By Matt Perry
It read like a typical online post about treating others with respect. But Emily Davenport shared it on Facebook as a reminder to herself.
To be more patient.
With herself. And with her mother.
Ever since her husband asked her aging mom to live with the family – an offer made without consulting Davenport – she’s struggled with the pressures of caring for an older adult just as her two teenage daughters were heading off to college.
The chain missive “Letter From A Mother to Her Daughter” offers a poignant reminder for a grown daughter to recall those long days spent raising a young and helpless girl.
“Remember, honey, I patiently taught you how to do many things like eating appropriately, getting dressed, combing your hair and dealing with life’s issues every day.”
The letter touches on common frustrations for caregivers who now support their frail parents: poor mobility, failing memory, faulty hearing, even struggles with new technology.
“If I occasionally lose track of what we’re talking about, give me the time to remember, and if I can’t, don’t be nervous, impatient or arrogant.

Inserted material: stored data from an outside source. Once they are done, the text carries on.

(* Let $\mathcal{C}$ be an $\mathbb{F}_q\mathcal{R}$-skew cyclic code of length $(\alpha,\beta)$, viewed inside $R_{\alpha,\beta}$, and let $N=\{k(x)\in\mathbb{F}_q[x;\Theta]/\langle x^\alpha-1\rangle : (k(x),0)\in\mathcal{C}\}$. Then $N$ is a left $\mathbb{F}_q[x;\Theta]$-submodule of $\mathbb{F}_q[x;\Theta]/\langle x^\alpha-1\rangle$ generated by a right divisor of $x^\alpha-1$.
   Context: Let $p$ be a prime, $q=p^m$, $\mathcal{R}=\mathbb{F}_q[u]/\langle u^2-u\rangle$. Fix $i$; $\Theta(a)=a^{p^i}$ on $\mathbb{F}_q$ and $\theta(a+ub)=a^{p^i}+ub^{p^i}$ on $\mathcal{R}$; $\eta(a+ub)=a$. $\mathbb{F}_q[x;\Theta]$, $\mathcal{R}[x;\theta]$ are skew polynomial rings with multiplication determined by $(ax^i)(bx^j)=a\Theta^i(b)x^{i+j}$ (resp. with $\theta$). $R_{\alpha,\beta}=\mathbb{F}_q[x;\Theta]/\langle x^\alpha-1\rangle\times\mathcal{R}[x;\theta]/\langle x^\beta-1\rangle$, identified with $\mathbb{F}_q^\alpha\times\mathcal{R}^\beta$ via coefficient vectors, is a left $\mathcal{R}[x;\theta]$-module via $r(x)*(k(x),t(x))=(\eta(r(x))k(x),r(x)t(x))$ ($\eta$ coefficientwise, reduction modulo $x^\alpha-1$, $x^\beta-1$). An $\mathbb{F}_q\mathcal{R}$-skew cyclic code of length $(\alpha,\beta)$ is an $\mathcal{R}$-submodule $\mathcal{C}$ of $\mathbb{F}_q^\alpha\times\mathcal{R}^\beta$ (with $s*(x,y)=(\eta(s)x,sy)$ componentwise) closed under $\sigma(x_0,\dots,x_{\alpha-1},y_0,\dots,y_{\beta-1})=(\Theta(x_{\alpha-1}),\Theta(x_0),\dots,\Theta(x_{\alpha-2}),\theta(y_{\beta-1}),\theta(y_0),\dots,\theta(y_{\beta-2}))$; equivalently a left $\mathcal{R}[x;\theta]$-submodule of $R_{\alpha,\beta}$. *)

theory Defs
  imports "HOL-Computational_Algebra.Polynomial"
begin

definition Theta :: "nat \<Rightarrow> nat \<Rightarrow> 'a::field \<Rightarrow> 'a" where
  "Theta p i a = a ^ (p ^ i)"

(* R = F_q[u]/<u^2-u>, element a + u b represented as the pair (a,b) *)
definition R_add :: "'a::field \<times> 'a \<Rightarrow> 'a \<times> 'a \<Rightarrow> 'a \<times> 'a" where
  "R_add s t = (fst s + fst t, snd s + snd t)"

definition R_mult :: "'a::field \<times> 'a \<Rightarrow> 'a \<times> 'a \<Rightarrow> 'a \<times> 'a" where
  "R_mult s t = (fst s * fst t, fst s * snd t + snd s * fst t + snd s * snd t)"

definition theta_R :: "nat \<Rightarrow> nat \<Rightarrow> 'a::field \<times> 'a \<Rightarrow> 'a \<times> 'a" where
  "theta_R p i s = (Theta p i (fst s), Theta p i (snd s))"

definition eta :: "'a::field \<times> 'a \<Rightarrow> 'a" where
  "eta s = fst s"

definition rshift :: "'b list \<Rightarrow> 'b list" where
  "rshift xs = (if xs = [] then [] else last xs # butlast xs)"

definition vadd :: "'a::field list \<times> ('a \<times> 'a) list \<Rightarrow> 'a list \<times> ('a \<times> 'a) list
                    \<Rightarrow> 'a list \<times> ('a \<times> 'a) list" where
  "vadd c d = (map2 (+) (fst c) (fst d), map2 R_add (snd c) (snd d))"

definition smul :: "'a::field \<times> 'a \<Rightarrow> 'a list \<times> ('a \<times> 'a) list \<Rightarrow> 'a list \<times> ('a \<times> 'a) list" where
  "smul s c = (map (\<lambda>a. eta s * a) (fst c), map (R_mult s) (snd c))"

definition skew_sigma :: "nat \<Rightarrow> nat \<Rightarrow> 'a::field list \<times> ('a \<times> 'a) list \<Rightarrow> 'a list \<times> ('a \<times> 'a) list" where
  "skew_sigma p i c = (map (Theta p i) (rshift (fst c)), map (theta_R p i) (rshift (snd c)))"

definition FR_skew_cyclic_code ::
  "nat \<Rightarrow> nat \<Rightarrow> nat \<Rightarrow> nat \<Rightarrow> ('a::field list \<times> ('a \<times> 'a) list) set \<Rightarrow> bool" where
  "FR_skew_cyclic_code p i \<alpha> \<beta> C \<longleftrightarrow>
     (\<forall>c\<in>C. length (fst c) = \<alpha> \<and> length (snd c) = \<beta>) \<and>
     (replicate \<alpha> 0, replicate \<beta> (0,0)) \<in> C \<and>
     (\<forall>c\<in>C. \<forall>d\<in>C. vadd c d \<in> C) \<and>
     (\<forall>s. \<forall>c\<in>C. smul s c \<in> C) \<and>
     (\<forall>c\<in>C. skew_sigma p i c \<in> C)"

definition skew_mult :: "('a::field \<Rightarrow> 'a) \<Rightarrow> 'a poly \<Rightarrow> 'a poly \<Rightarrow> 'a poly" where
  "skew_mult T f g = (\<Sum>i\<le>degree f. \<Sum>j\<le>degree g. monom (coeff f i * (T ^^ i) (coeff g j)) (i + j))"

definition skew_right_dvd :: "('a::field \<Rightarrow> 'a) \<Rightarrow> 'a poly \<Rightarrow> 'a poly \<Rightarrow> bool" where
  "skew_right_dvd T g f \<longleftrightarrow> (\<exists>h. skew_mult T h g = f)"

(* canonical representative (degree < alpha) of f modulo the left ideal generated by x^alpha - 1 *)
definition cyc_red :: "nat \<Rightarrow> 'a::field poly \<Rightarrow> 'a poly" where
  "cyc_red \<alpha> f = (\<Sum>j\<le>degree f. monom (coeff f j) (j mod \<alpha>))"

(* left F_q[x;T]-submodule of F_q[x;T]/<x^alpha - 1>, elements represented by polys of degree < alpha *)
definition skew_left_submodule :: "('a::field \<Rightarrow> 'a) \<Rightarrow> nat \<Rightarrow> 'a poly set \<Rightarrow> bool" where
  "skew_left_submodule T \<alpha> S \<longleftrightarrow>
     (\<forall>s\<in>S. degree s < \<alpha>) \<and> 0 \<in> S \<and>
     (\<forall>s\<in>S. \<forall>t\<in>S. s + t \<in> S) \<and>
     (\<forall>f. \<forall>s\<in>S. cyc_red \<alpha> (skew_mult T f s) \<in> S)"

end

Just know in your heart that the most important thing for me is to be with you.”
Yet for Davenport, caring for her opinionated mother has taxed her in ways she never imagined.

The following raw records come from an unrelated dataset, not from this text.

(* The substitution x -> x/D turns the doubling map of E_D into the duplication map
   t -> x_dup t of E. The numerator and denominator of x_dup are binary quartic forms whose
   resultant is the discriminant, so |h(x_dup t) - 4 h(t)| <= C, and Tate's telescoping
   argument gives |h^(P) - h(x(P)/D)| <= C/3 for every point P of E_D with h^(P) > 0.
   For an integral point P = (X, Y) with h^(P) >= 20 log D this forces X > D^2, hence
   Y^2 <= 2 X^3. For a second such point Q = (X', Y') with X' < X,
   x(P+Q)/D = ((Y'-Y)^2 - (X+X')(X'-X)^2) / (D (X'-X)^2), and gcd(X, D) divides the numerator;
   this gives h^(P+Q) <= 3 max(h^(P), h^(Q)) + 2.1 log D once D is large. *)

section \<open>Heights of rational numbers\<close>

lemma weil_height_of_int_div:
  fixes n d :: int
  assumes "d \<noteq> 0"
  shows "weil_height (of_int n / of_int d) = ln (real_of_int (max \<bar>n\<bar> \<bar>d\<bar>) / real_of_int (gcd n d))"
proof -
  define g where "g = gcd n d"
  have "g > 0" using assms by (simp add: g_def)
  have reduced: "real_of_int (max \<bar>n div c\<bar> \<bar>d div c\<bar>) = real_of_int (max \<bar>n\<bar> \<bar>d\<bar>) / real_of_int g"
    if "c = g \<or> c = - g" for c
  proof -
    have "c dvd n" "c dvd d" "c \<noteq> 0" using that \<open>g > 0\<close> by (auto simp: g_def)
    then have "real_of_int \<bar>n div c\<bar> = \<bar>real_of_int n\<bar> / real_of_int g"
      and "real_of_int \<bar>d div c\<bar> = \<bar>real_of_int d\<bar> / real_of_int g"
      using that \<open>g > 0\<close> by (auto simp: of_int_div)
    then show ?thesis using \<open>g > 0\<close>
      by (simp only: of_int_max of_int_abs max_divide_distrib_right, simp)
  qed
  have Fract: "of_int n / of_int d = Fract n d" by (simp add: Fract_of_int_quotient)
  show ?thesis
  proof (cases "d > 0")
    case True
    then show ?thesis unfolding weil_height_def Fract quotient_of_Fract normalize_def
      using reduced[of g] by (simp add: Let_def g_def)
  next
    case False
    then show ?thesis unfolding weil_height_def Fract quotient_of_Fract normalize_def
      using reduced[of "-g"] assms by (simp add: Let_def g_def)
  qed
qed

“I feel like I need to be respectful of her,” says Davenport (not her real name). “It’s just hard.”
Like many parents, Davenport’s mother is opinionated, and the two have had a continual power struggle when those opinions cross boundaries.

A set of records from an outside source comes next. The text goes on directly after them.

lemma base_nonzero_if_covered:
  assumes "base_covered ls ps" "\<forall>p\<in>set ps. gpoly_eval p x \<noteq> 0"
  shows "base_nonzero ls x"
  unfolding base_nonzero_def
proof
  fix l assume "l \<in> set ls"
  then obtain i where i: "i < length ls" "l = ls ! i"
    by (auto simp: in_set_conv_nth)
  moreover have "i \<in> set [0..<length ls]"
    using i(1) by simp
  ultimately obtain p where p: "p \<in> set ps" "0 < snd (gpoly_factor ls p) ! i"
    using assms(1) unfolding base_covered_def by blast
  obtain c ks where f: "gpoly_factor ls p = (c, ks)"
    by fastforce
  have "length ks = length ls"
    using length_gpoly_factor[of ls p] by (simp add: f)
  moreover have "base_monomial ls (map int ks) x \<noteq> 0"
    using gpoly_factor_eval[OF f, of x] assms(2) p(1) by auto
  ultimately show "gpoly_eval l x \<noteq> 0"
    using base_monomial_nonzero_factor[of ls ks x i] i p(2) by (simp add: f)
qed

fun exps_add :: "int list \<Rightarrow> int list \<Rightarrow> int list" where
  "exps_add [] b = b"
| "exps_add a [] = a"
| "exps_add (x # a) (y # b) = (x + y) # exps_add a b"

fun exps_min :: "int list \<Rightarrow> int list \<Rightarrow> int list" where
  "exps_min [] b = map (min 0) b"
| "exps_min a [] = map (min 0) a"
| "exps_min (x # a) (y # b) = min x y # exps_min a b"

definition exps_excess :: "int list \<Rightarrow> int list \<Rightarrow> nat list" where
  "exps_excess e m = map nat (exps_add e (map uminus m))"

lemma base_nonzero_Cons [simp]:
  "base_nonzero (l # ls) x \<longleftrightarrow> gpoly_eval l x \<noteq> 0 \<and> base_nonzero ls x"
  by (simp add: base_nonzero_def)

lemma base_monomial_Nil [simp]: "base_monomial ls [] x = 1"
  by (cases ls) simp_all

lemma base_monomial_exps_add:
  "base_nonzero ls x \<Longrightarrow>
     base_monomial ls (exps_add a b) x = base_monomial ls a x * base_monomial ls b x"
proof (induction ls arbitrary: a b)
  case (Cons l ls)
  then show ?case
    by (cases a; cases b) (simp_all add: power_int_add algebra_simps)
qed simp

lemma base_monomial_uminus:
  "base_monomial ls (map uminus a) x = inverse (base_monomial ls a x)"
proof (induction ls arbitrary: a)
  case (Cons l ls)
  then show ?case
    by (cases a) (simp_all add: power_int_minus)
qed simp

lemma base_monomial_nonzero: "base_nonzero ls x \<Longrightarrow> base_monomial ls a x \<noteq> 0"
proof (induction ls arbitrary: a)
  case (Cons l ls)
  then show ?case by (cases a) auto
qed simp

lemma exps_add_map_self: "exps_add a (map f a) = map (\<lambda>k. k + f k) a"
  by (induction a) simp_all

lemma exps_excess_min_nonneg:
  "\<forall>k\<in>set (exps_add e (map uminus (exps_min e f))). 0 \<le> k"
  "\<forall>k\<in>set (exps_add f (map uminus (exps_min e f))). 0 \<le> k"
  by (induction e f rule: exps_min.induct) (auto simp: exps_add_map_self)

lemma base_monomial_excess:
  assumes "base_nonzero ls x" and "\<forall>k\<in>set (exps_add e (map uminus m)). 0 \<le> k"
  shows "base_monomial ls m x * base_monomial ls (map int (exps_excess e m)) x = base_monomial ls e x"
proof -
  have "map int (exps_excess e m) = exps_add e (map uminus m)"
    unfolding exps_excess_def map_map by (rule map_idI) (use assms(2) in auto)
  then show ?thesis
    using assms(1) base_monomial_nonzero[OF assms(1), of m]
    by (simp add: base_monomial_exps_add base_monomial_uminus)
qed

section \<open>Factored rational functions\<close>

type_synonym ffrac = "gpoly \<times> int \<times> int list"

fun ffrac_val :: "gpoly list \<Rightarrow> ffrac \<Rightarrow> complex \<Rightarrow> complex" where
  "ffrac_val ls (C, q, e) x = gpoly_eval C x * base_monomial ls e x / of_int q"

fun ffrac_wf :: "ffrac \<Rightarrow> bool" where
  "ffrac_wf (C, q, e) \<longleftrightarrow> q \<noteq> 0"

fun gpoly_content :: "gpoly \<Rightarrow> int \<Rightarrow> int" where
  "gpoly_content [] g = g"
| "gpoly_content ((a, b) # p) g = gcd a (gcd b (gpoly_content p g))"

(* Cancelling the common content only keeps the integers small. *)
fun ffrac_reduce :: "ffrac \<Rightarrow> ffrac" where
  "ffrac_reduce (C, q, e) =
     (let g = gpoly_content C q in (map (\<lambda>(a, b). (a div g, b div g)) C, q div g, e))"

fun ffrac_normalize :: "gpoly list \<Rightarrow> ffrac \<Rightarrow> ffrac" where
  "ffrac_normalize ls (C, q, e) =
     (case gpoly_factor ls C of (C', ks) \<Rightarrow> ffrac_reduce (C', q, exps_add e (map int ks)))"

fun ffrac_add :: "gpoly list \<Rightarrow> ffrac \<Rightarrow> ffrac \<Rightarrow> ffrac" where
  "ffrac_add ls (C1, q1, e1) (C2, q2, e2) =
     (let m = exps_min e1 e2 in
      ffrac_normalize ls
        (gpoly_add (gpoly_smult (q2, 0) (gpoly_mult C1 (gpoly_monomial ls (exps_excess e1 m))))
                   (gpoly_smult (q1, 0) (gpoly_mult C2 (gpoly_monomial ls (exps_excess e2 m)))),
         q1 * q2, m))"

fun ffrac_mult :: "ffrac \<Rightarrow> ffrac \<Rightarrow> ffrac" where
  "ffrac_mult (C1, q1, e1) (C2, q2, e2) = ffrac_reduce (gpoly_mult C1 C2, q1 * q2, exps_add e1 e2)"

fun ffrac_inverse :: "ffrac \<Rightarrow> ffrac option" where
  "ffrac_inverse (C, q, e) =
     (case gpoly_trim C of
        [c] \<Rightarrow> Some (ffrac_reduce ([gint_mult (q, 0) (gint_cnj c)], gint_norm c, map uminus e))
      | _ \<Rightarrow> None)"

(* Leibniz rule, one base factor at a time: each factor with nonzero exponent loses one power,
   and B is C times the factors lowered so far. *)
fun monomial_deriv :: "gpoly list \<Rightarrow> gpoly \<Rightarrow> int list \<Rightarrow> gpoly \<times> gpoly \<times> int list" where
  "monomial_deriv [] C es = (gpoly_pderiv C, C, [])"
| "monomial_deriv (l # ls) C [] = (gpoly_pderiv C, C, [])"
| "monomial_deriv (l # ls) C (k # es) =
     (case monomial_deriv ls C es of
        (A, B, es') \<Rightarrow>
          if k = 0 then (A, B, 0 # es')
          else (gpoly_add (gpoly_mult A l) (gpoly_smult (k, 0) (gpoly_mult (gpoly_pderiv l) B)),
                gpoly_mult B l, (k - 1) # es'))"

fun ffrac_deriv :: "gpoly list \<Rightarrow> ffrac \<Rightarrow> ffrac" where
  "ffrac_deriv ls (C, q, e) = (case monomial_deriv ls C e of (A, _, e') \<Rightarrow> ffrac_normalize ls (A, q, e'))"

lemma gpoly_content_dvd:
  "gpoly_content p g dvd g"
  "(a, b) \<in> set p \<Longrightarrow> gpoly_content p g dvd a \<and> gpoly_content p g dvd b"
  by (induction p g rule: gpoly_content.induct) (auto intro: dvd_trans)

lemma gpoly_eval_div_content:
  assumes "\<forall>(a, b)\<in>set p. g dvd a \<and> g dvd b"
  shows "gpoly_eval (map (\<lambda>(a, b). (a div g, b div g)) p) x = gpoly_eval p x / of_int g"
  using assms by (induction p) (auto simp: of_int_div add_divide_distrib)

lemma ffrac_reduce_sound:
  assumes "ffrac_wf F"
  shows "ffrac_wf (ffrac_reduce F) \<and> ffrac_val ls (ffrac_reduce F) x = ffrac_val ls F x"
proof -
  obtain C q e where F: "F = (C, q, e)" by (cases F)
  define g where "g = gpoly_content C q"
  have "q \<noteq> 0" using assms F by simp
  moreover have "g dvd q" "\<forall>(a, b)\<in>set C. g dvd a \<and> g dvd b"
    using gpoly_content_dvd[where p = C and g = q] by (auto simp: g_def)
  ultimately have "g \<noteq> 0" "q div g \<noteq> 0"
    by auto
  with \<open>g dvd q\<close> \<open>\<forall>(a, b)\<in>set C. g dvd a \<and> g dvd b\<close> show ?thesis
    by (simp add: F g_def [symmetric] Let_def gpoly_eval_div_content of_int_div)
qed

lemma ffrac_normalize_sound:
  assumes "ffrac_wf F"
  shows "ffrac_wf (ffrac_normalize ls F) \<and>
         (base_nonzero ls x \<longrightarrow> ffrac_val ls (ffrac_normalize ls F) x = ffrac_val ls F x)"
proof -
  obtain C q e where F: "F = (C, q, e)" by (cases F)
  obtain C' ks where f: "gpoly_factor ls C = (C', ks)" by fastforce
  have "base_nonzero ls x \<longrightarrow> ffrac_val ls (C', q, exps_add e (map int ks)) x = ffrac_val ls F x"
    using gpoly_factor_eval[OF f, of x] by (simp add: F base_monomial_exps_add algebra_simps)
  then show ?thesis
    using ffrac_reduce_sound[of "(C', q, exps_add e (map int ks))" ls x] assms
    by (simp add: F f del: ffrac_reduce.simps)
qed

lemma ffrac_add_sound:
  assumes "ffrac_wf F" "ffrac_wf G"
  shows "ffrac_wf (ffrac_add ls F G) \<and>
         (base_nonzero ls x \<longrightarrow> ffrac_val ls (ffrac_add ls F G) x = ffrac_val ls F x + ffrac_val ls G x)"
proof -
  obtain C1 q1 e1 where F: "F = (C1, q1, e1)" by (cases F)
  obtain C2 q2 e2 where G: "G = (C2, q2, e2)" by (cases G)
  define m where "m = exps_min e1 e2"
  define S where "S = (gpoly_add (gpoly_smult (q2, 0) (gpoly_mult C1 (gpoly_monomial ls (exps_excess e1 m))))
                     (gpoly_smult (q1, 0) (gpoly_mult C2 (gpoly_monomial ls (exps_excess e2 m)))),
                q1 * q2, m)"
  have q: "q1 \<noteq> 0" "q2 \<noteq> 0" using assms F G by simp_all
  have "ffrac_val ls S x = ffrac_val ls F x + ffrac_val ls G x" if x: "base_nonzero ls x"
  proof -
    have "base_monomial ls m x * base_monomial ls (map int (exps_excess e1 m)) x = base_monomial ls e1 x"
      "base_monomial ls m x * base_monomial ls (map int (exps_excess e2 m)) x = base_monomial ls e2 x"
      using base_monomial_excess[OF x] exps_excess_min_nonneg unfolding m_def by blast+
    then show ?thesis
      using q by (simp add: S_def F G gpoly_eval_monomial field_simps flip: m_def)
  qed
  moreover have "ffrac_add ls F G = ffrac_normalize ls S" "ffrac_wf S"
    using q by (simp_all add: F G S_def m_def Let_def del: ffrac_normalize.simps)
  ultimately show ?thesis
    using ffrac_normalize_sound[of S ls x] by (simp del: ffrac_normalize.simps)
qed

lemma ffrac_mult_sound:
  assumes "ffrac_wf F" "ffrac_wf G"
  shows "ffrac_wf (ffrac_mult F G) \<and>
         (base_nonzero ls x \<longrightarrow> ffrac_val ls (ffrac_mult F G) x = ffrac_val ls F x * ffrac_val ls G x)"
proof -
  obtain C1 q1 e1 where F: "F = (C1, q1, e1)" by (cases F)
  obtain C2 q2 e2 where G: "G = (C2, q2, e2)" by (cases G)
  show ?thesis
    using assms ffrac_reduce_sound[of "(gpoly_mult C1 C2, q1 * q2, exps_add e1 e2)" ls x]
    by (simp add: F G base_monomial_exps_add del: ffrac_reduce.simps)
qed

lemma ffrac_inverse_sound:
  assumes "ffrac_inverse F = Some G" "ffrac_wf F"
  shows "ffrac_wf G \<and> (base_nonzero ls x \<longrightarrow> ffrac_val ls G x = inverse (ffrac_val ls F x))"
proof -
  obtain C q e where F: "F = (C, q, e)" by (cases F)
  obtain c where c: "gpoly_trim C = [c]"
    using assms(1) by (auto simp: F split: list.splits)
  define G' where "G' = ([gint_mult (q, 0) (gint_cnj c)], gint_norm c, map uminus e)"
  have G: "G = ffrac_reduce G'"
    using assms(1) by (simp add: F c G'_def del: ffrac_reduce.simps)
  have "gint_norm c \<noteq> 0"
    using gpoly_trim_singleton[OF c] by (simp add: gint_norm_eq_0_iff)
  then have "complex_of_gint c \<noteq> 0" "complex_of_gint (gint_cnj c) \<noteq> 0"
    using complex_of_gint_mult_cnj[of c] by auto
  moreover have "gpoly_eval C x = complex_of_gint c"
    using gpoly_eval_trim[of C x] by (simp add: c)
  ultimately have "base_nonzero ls x \<longrightarrow> ffrac_val ls G' x = inverse (ffrac_val ls F x)"
    using base_monomial_nonzero[of ls x e]
    by (simp add: F G'_def base_monomial_uminus field_simps flip: complex_of_gint_mult_cnj)
  then show ?thesis
    using ffrac_reduce_sound[of G' ls x] \<open>gint_norm c \<noteq> 0\<close> by (simp add: G G'_def del: ffrac_reduce.simps)
qed

lemma has_field_derivative_powi_mult:
  assumes "gpoly_eval l x \<noteq> 0" "(f has_field_derivative a * m) (at x)" "f x = b * m"
  shows "((\<lambda>y. gpoly_eval l y powi k * f y) has_field_derivative
           (a * gpoly_eval l x + of_int k * gpoly_eval (gpoly_pderiv l) x * b)
             * (gpoly_eval l x powi (k - 1) * m)) (at x)"
proof -
  have "((\<lambda>y. gpoly_eval l y powi k) has_field_derivative
          of_int k * gpoly_eval l x powi (k - 1) * gpoly_eval (gpoly_pderiv l) x) (at x)"
    using DERIV_power_int[OF gpoly_eval_has_field_derivative[of l x]] assms(1) by blast
  from DERIV_mult'[OF this assms(2)] show ?thesis
  proof (rule DERIV_cong)
    have "gpoly_eval l x powi k = gpoly_eval l x powi (k - 1) * gpoly_eval l x"
      using assms(1) by (simp add: power_int_minus_mult)
    then show "gpoly_eval l x powi k * (a * m)
        + of_int k * gpoly_eval l x powi (k - 1) * gpoly_eval (gpoly_pderiv l) x * f x
        = (a * gpoly_eval l x + of_int k * gpoly_eval (gpoly_pderiv l) x * b)
            * (gpoly_eval l x powi (k - 1) * m)"
      using assms(3) by (simp add: algebra_simps)
  qed
qed

lemma monomial_deriv_sound:
  assumes "base_nonzero ls x" "monomial_deriv ls C es = (A, B, es')"
  shows "gpoly_eval C x * base_monomial ls es x = gpoly_eval B x * base_monomial ls es' x \<and>
         ((\<lambda>y. gpoly_eval C y * base_monomial ls es y) has_field_derivative
            gpoly_eval A x * base_monomial ls es' x) (at x)"
  using assms
proof (induction ls C es arbitrary: A B es' rule: monomial_deriv.induct)
  case (1 C es)
  then show ?case by (auto intro: gpoly_eval_has_field_derivative)
next
  case (2 l ls C)
  then show ?case by (auto intro: gpoly_eval_has_field_derivative)
next
  case (3 l ls C k es)
  obtain A0 B0 es0 where rec: "monomial_deriv ls C es = (A0, B0, es0)"
    by (cases "monomial_deriv ls C es")
  have l: "gpoly_eval l x \<noteq> 0" and ls: "base_nonzero ls x"
    using "3.prems"(1) by simp_all
  note IH = "3.IH"[OF ls rec]
  show ?case
  proof (cases "k = 0")
    case True
    then have "A = A0" "B = B0" "es' = 0 # es0"
      using "3.prems"(2) by (simp_all add: rec)
    with True IH show ?thesis by simp
  next
    case False
    have eqs: "A = gpoly_add (gpoly_mult A0 l) (gpoly_smult (k, 0) (gpoly_mult (gpoly_pderiv l) B0))"
      "B = gpoly_mult B0 l" "es' = (k - 1) # es0"
      using "3.prems"(2) False by (simp_all add: rec)
    have "(\<lambda>y. gpoly_eval C y * base_monomial (l # ls) (k # es) y)
          = (\<lambda>y. gpoly_eval l y powi k * (gpoly_eval C y * base_monomial ls es y))"
      by (simp add: fun_eq_iff algebra_simps)
    moreover have "gpoly_eval C x * base_monomial (l # ls) (k # es) x
                   = gpoly_eval B x * base_monomial (l # ls) es' x"
      using IH l by (simp add: eqs power_int_minus_mult[symmetric, of _ k] algebra_simps)
    ultimately show ?thesis
      using has_field_derivative_powi_mult[OF l conjunct2[OF IH] conjunct1[OF IH], of k]
      by (simp add: eqs algebra_simps)
  qed
qed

“I’m middle aged, for god’s sake,” she laments. “And having someone try to parent you is annoying.”
Davenport’s story is typical of many Baby Boomers who now make up the Sandwich Generation – middle-aged adults who care for both children and parents.
As editor of Today’s Caregiver and Caregiver.com, Gary Barg understands her struggles, and offers a wealth of advice for those facing her predicament.
Barg says setting specific ground rules for private space and family responsibilities – even duties for parents – is important to this new living arrangement.
“As with most important family conversations, honesty is truly the best policy,” he says.
Barg asks children to try to understand the immense frustrations of once-vibrant parents now slowed by age, hearing loss, and a maddening lack of independence.
In fact, “bossy” parents are often “just trying to establish their value in a new and confusing family structure.”
To help parents feel valued, involve them substantively in how the house operates, he suggests. Offer them gardening space. Ask them what groceries to buy. Suggest they cook a signature meal. For those less agile, even folding a load of laundry will help them feel important.
“No matter what your senior loved ones’ present cognitive capabilities, they have lived a long and valued life and need to feel that they have not lost their ability to contribute,” he says. “Try and find something that they can be in charge of or even help you with…. Even if their cognitive abilities are not what they used to be, they will always appreciate being respected.”
Perhaps most critical for aging adults is to have their hearing checked, he adds. Failing eyesight and mobility quickly produce glasses and canes, but audio-related problems are often overlooked – possibly because of the stigma attached to wearing once-clunky hearing aids.
“There are so many advances in hearing technologies that an appointment to an audiologist is crucial when you think your loved one is having hearing issues,” he says. “My first suggestion is to make an appointment for yourself as an ice-breaker and make one for your loved one at the same time.”
Yet what to do about those questions repeated over and over again?
Do your best to put yourself in the position of the older adult, he advises, and realize for older adults struggling with cognitive decline, they are asking that question for the first time, every time. Try to see beyond your own frustrations. And realize the limited days you have together are precious.
Despite Davenport’s challenges, she says the experience of “mom as roommate” is beneficial – especially for her children who can watch these multigenerational growing pains.
“Because we’re going to be there too,” she says. “And how do we want to be treated? If we’re not respectful of our elders, (our kids are) not going to be either.”
Barg says caring compassionately for everyone is essential to the relationship’s success.
“If I was given one wish, it would be that caregivers do not feel the guilt, shame and fear that often accompanies our caregiving,” he says.
Offering a helping hand to all generations – no matter what age – is an important life lesson illuminated by that poignant letter.
“And when my old, tired legs don’t let me move as quickly as before, give me your hand the same way that I offered mine to you when you first walked.”